▸ **WHAT YOU ARE ASKED TO DO**
Report each line of the records below that holds the word "case".

-=-=-=-=-

section \<open>Functions with continuous partial derivatives are calm\<close>

lemma axis_increment_bound:
  fixes h :: "real^'d \<Rightarrow> real"
  assumes deriv: "\<And>x. x \<in> C \<Longrightarrow> ((\<lambda>t. h (x + t *\<^sub>R axis k 1)) has_real_derivative h' x) (at 0)"
    and bound: "\<And>x. x \<in> C \<Longrightarrow> \<bar>h' x\<bar> \<le> M"
    and segment: "\<And>s. s \<in> closed_segment 0 t \<Longrightarrow> y + s *\<^sub>R axis k 1 \<in> C"
  shows "\<bar>h (y + t *\<^sub>R axis k 1) - h y\<bar> \<le> M * \<bar>t\<bar>"
proof -
  define \<phi> where "\<phi> s = h (y + s *\<^sub>R axis k 1)" for s
  have "(\<phi> has_real_derivative h' (y + s *\<^sub>R axis k 1)) (at s within closed_segment 0 t)"
    if s: "s \<in> closed_segment 0 t" for s
  proof -
    have "((\<lambda>\<tau>. h ((y + s *\<^sub>R axis k 1) + \<tau> *\<^sub>R axis k 1)) has_real_derivative h' (y + s *\<^sub>R axis k 1)) (at 0)"
      using deriv segment s by blast
    then have "((\<lambda>\<tau>. \<phi> (\<tau> + s)) has_real_derivative h' (y + s *\<^sub>R axis k 1)) (at 0)"
      unfolding \<phi>_def by (simp add: algebra_simps scaleR_add_left)
    then have "(\<phi> has_real_derivative h' (y + s *\<^sub>R axis k 1)) (at s)"
      using DERIV_shift[of \<phi> _ 0 s] by simp
    then show ?thesis
      by (rule has_field_derivative_at_within)
  qed
  moreover have "norm (h' (y + s *\<^sub>R axis k 1)) \<le> M" if "s \<in> closed_segment 0 t" for s
    using bound segment that by simp
  ultimately have "norm (\<phi> t - \<phi> 0) \<le> M * norm (t - 0)"
    by (intro field_differentiable_bound[OF convex_closed_segment]) auto
  then show ?thesis unfolding \<phi>_def by simp
qed

lemma bounded_partials_increment_bound:
  fixes h :: "real^'d \<Rightarrow> real"
  assumes deriv: "\<And>k x. x \<in> cball x0 r \<Longrightarrow> ((\<lambda>t. h (x + t *\<^sub>R axis k 1)) has_real_derivative h' k x) (at 0)"
    and bound: "\<And>k x. x \<in> cball x0 r \<Longrightarrow> \<bar>h' k x\<bar> \<le> M"
    and x: "x \<in> cball x0 r"
  shows "\<bar>h x - h x0\<bar> \<le> M * CARD('d) * norm (x - x0)"
proof -
  \<comment> \<open>Walk from x0 to x changing one coordinate at a time. The intermediate points stay in the
    ball because their offsets from x0 are dominated coordinatewise by those of x.\<close>
  define mix where "mix J = (\<chi> k. if k \<in> J then x $ k else x0 $ k)" for J
  have dominated: "y \<in> cball x0 r" if "\<And>k. \<bar>y $ k - x0 $ k\<bar> \<le> \<bar>x $ k - x0 $ k\<bar>" for y
    using x that norm_le_componentwise_cart[of "y - x0" "x - x0"] by (simp add: dist_norm norm_minus_commute)
  have walk: "\<bar>h (mix J) - h x0\<bar> \<le> M * (\<Sum>k\<in>J. \<bar>x $ k - x0 $ k\<bar>)" for J
  proof (induction J rule: infinite_finite_induct)
    case empty
    have "mix {} = x0" unfolding mix_def by (simp add: vec_eq_iff)
    then show ?case by simp
  next
    case (insert k J)
    have step: "mix (insert k J) = mix J + (x $ k - x0 $ k) *\<^sub>R axis k 1"
      using insert(2) unfolding mix_def by (auto simp: vec_eq_iff axis_def)
    have "mix J + s *\<^sub>R axis k 1 \<in> cball x0 r" if "s \<in> closed_segment 0 (x $ k - x0 $ k)" for s
    proof (rule dominated)
      have "\<bar>s\<bar> \<le> \<bar>x $ k - x0 $ k\<bar>"
        using that by (auto simp: closed_segment_eq_real_ivl split: if_splits)
      then show "\<bar>(mix J + s *\<^sub>R axis k 1) $ j - x0 $ j\<bar> \<le> \<bar>x $ j - x0 $ j\<bar>" for j
        using insert(2) by (auto simp: mix_def axis_def)
    qed
    then have "\<bar>h (mix (insert k J)) - h (mix J)\<bar> \<le> M * \<bar>x $ k - x0 $ k\<bar>"
      unfolding step by (intro axis_increment_bound[OF deriv bound])
    then show ?case using insert by (simp add: distrib_left)
  qed simp
  have "mix UNIV = x" unfolding mix_def by (simp add: vec_eq_iff)
  then have "\<bar>h x - h x0\<bar> \<le> M * (\<Sum>k\<in>UNIV. \<bar>x $ k - x0 $ k\<bar>)"
    using walk[of UNIV] by simp
  also have "\<dots> \<le> M * (CARD('d) * norm (x - x0))"
    using component_le_norm_cart[of "x - x0"] bound[OF x]
    by (intro mult_left_mono sum_bounded_above[of UNIV, simplified]) (auto intro: order_trans[OF abs_ge_zero])
  finally show ?thesis by (simp add: mult.assoc)
qed

lemma continuous_partials_imp_calm_within:
  fixes h :: "real^'d \<Rightarrow> real"
  assumes "open U" "x0 \<in> U"
    and cont: "\<And>k. continuous_on U (h' k)"
    and deriv: "\<And>k x. x \<in> U \<Longrightarrow> ((\<lambda>t. h (x + t *\<^sub>R axis k 1)) has_real_derivative h' k x) (at 0)"
  shows "calm_within x0 S h (h x0)"
proof -
  obtain r where r: "0 < r" "cball x0 r \<subseteq> U"
    using assms(1,2) open_contains_cball by blast
  have "continuous_on (cball x0 r) (\<lambda>x. \<Sum>k\<in>UNIV. \<bar>h' k x\<bar>)"
    using cont r(2) by (intro continuous_intros) (auto intro: continuous_on_subset)
  then have "bounded ((\<lambda>x. \<Sum>k\<in>UNIV. \<bar>h' k x\<bar>) ` cball x0 r)"
    by (intro compact_imp_bounded compact_continuous_image compact_cball)
  then obtain M where "\<forall>y \<in> (\<lambda>x. \<Sum>k\<in>UNIV. \<bar>h' k x\<bar>) ` cball x0 r. norm y \<le> M"
    unfolding bounded_iff by blast
  then have bound: "\<bar>h' k x\<bar> \<le> M" if "x \<in> cball x0 r" for k x
    using that member_le_sum[of k UNIV "\<lambda>k. \<bar>h' k x\<bar>"] by force
  have "((\<lambda>t. h (x + t *\<^sub>R axis k 1)) has_real_derivative h' k x) (at 0)" if "x \<in> cball x0 r" for k x
    using deriv r(2) that by blast
  then have "\<bar>h x - h x0\<bar> \<le> M * CARD('d) * norm (x - x0)" if "x \<in> cball x0 r" for x
    using bound that by (rule bounded_partials_increment_bound)
  then show ?thesis
    unfolding calm_within_def eventually_nhds_inf_principal_iff using r(1)
    by (intro exI[of _ "M * CARD('d)"] exI[of _ r]) (auto simp: dist_norm norm_minus_commute)
qed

-=-=-=-=-

▸ **TASK ANSWER**
    case empty
    then show ?case by simp
    case (insert k J)
    then show ?case using insert by (simp add: distrib_left)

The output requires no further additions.